Dataset entries:
****************************************

lemma homeomorphic_sphere_square_fixpoint:
  fixes S :: "'a::euclidean_space set"
  assumes "S homeomorphic sphere (0::'a) 1" and "odd DIM('a)"
    and f: "continuous_on S f" "f ` S \<subseteq> S"
  obtains x where "x \<in> S" and "f (f x) = x"
proof -
  obtain \<phi>0 \<psi>0 where "homeomorphic_maps (nsphere (DIM('a) - 1))
      (top_of_set (sphere (0::'a) 1 \<inter> span Basis)) \<phi>0 \<psi>0"
    using homeomorphic_maps_nsphere_euclidean_sphere[of "Basis :: 'a set" "DIM('a)"]
      independent_Basis orthogonal_Basis by auto
  then have sphere:
      "homeomorphic_maps (nsphere (DIM('a) - 1)) (top_of_set (sphere (0::'a) 1)) \<phi>0 \<psi>0"
    by simp
  obtain a b where "homeomorphism S (sphere (0::'a) 1) a b"
    using assms(1) by (auto simp: homeomorphic_def)
  then have "homeomorphic_maps (top_of_set (sphere (0::'a) 1)) (top_of_set S) b a"
    by (simp add: homeomorphism_symD)
  then have "homeomorphic_maps (nsphere (DIM('a) - 1)) (top_of_set S) (b \<circ> \<phi>0) (\<psi>0 \<circ> a)"
    using homeomorphic_maps_compose sphere by blast
  then obtain \<phi> \<psi> where \<phi>: "continuous_map (nsphere (DIM('a) - 1)) (top_of_set S) \<phi>"
    and \<psi>: "continuous_map (top_of_set S) (nsphere (DIM('a) - 1)) \<psi>"
    and \<phi>\<psi>: "\<And>z. z \<in> S \<Longrightarrow> \<phi> (\<psi> z) = z"
    by (auto simp: homeomorphic_maps_def)
  have "continuous_map (top_of_set S) (top_of_set S) f"
    using f by (auto simp: continuous_map_subtopology_eu)
  then have "continuous_map (nsphere (DIM('a) - 1)) (nsphere (DIM('a) - 1)) (\<psi> \<circ> f \<circ> \<phi>)"
    using continuous_map_compose[OF \<phi> continuous_map_compose[OF _ \<psi>]] by blast
  moreover have "even (DIM('a) - 1)"
    using assms(2) by simp
  ultimately obtain y where y: "y \<in> topspace (nsphere (DIM('a) - 1))"
    and "(\<psi> \<circ> f \<circ> \<phi>) ((\<psi> \<circ> f \<circ> \<phi>) y) = y"
    using even_nsphere_map_square_fixpoint[of "DIM('a) - 1" "\<psi> \<circ> f \<circ> \<phi>"] by blast
  moreover have "\<phi> y \<in> S"
    using \<phi> y by (auto simp: continuous_map_def)
  ultimately have "\<psi> (f (f (\<phi> y))) = y"
    using f(2) \<phi>\<psi> by auto
  then have "f (f (\<phi> y)) = \<phi> y"
    using \<phi>\<psi> f(2) \<open>\<phi> y \<in> S\<close> by (metis image_subset_iff)
  then show thesis
    using that \<open>\<phi> y \<in> S\<close> by blast
qed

****************************************

What to work on: The lines you need are those with the word "then"; list them from the entries.

Response:
  then have sphere:
  then have "homeomorphic_maps (top_of_set (sphere (0::'a) 1)) (top_of_set S) b a"
  then have "homeomorphic_maps (nsphere (DIM('a) - 1)) (top_of_set S) (b \<circ> \<phi>0) (\<psi>0 \<circ> a)"
  then obtain \<phi> \<psi> where \<phi>: "continuous_map (nsphere (DIM('a) - 1)) (top_of_set S) \<phi>"
  then have "continuous_map (nsphere (DIM('a) - 1)) (nsphere (DIM('a) - 1)) (\<psi> \<circ> f \<circ> \<phi>)"
  then have "f (f (\<phi> y)) = \<phi> y"
  then show thesis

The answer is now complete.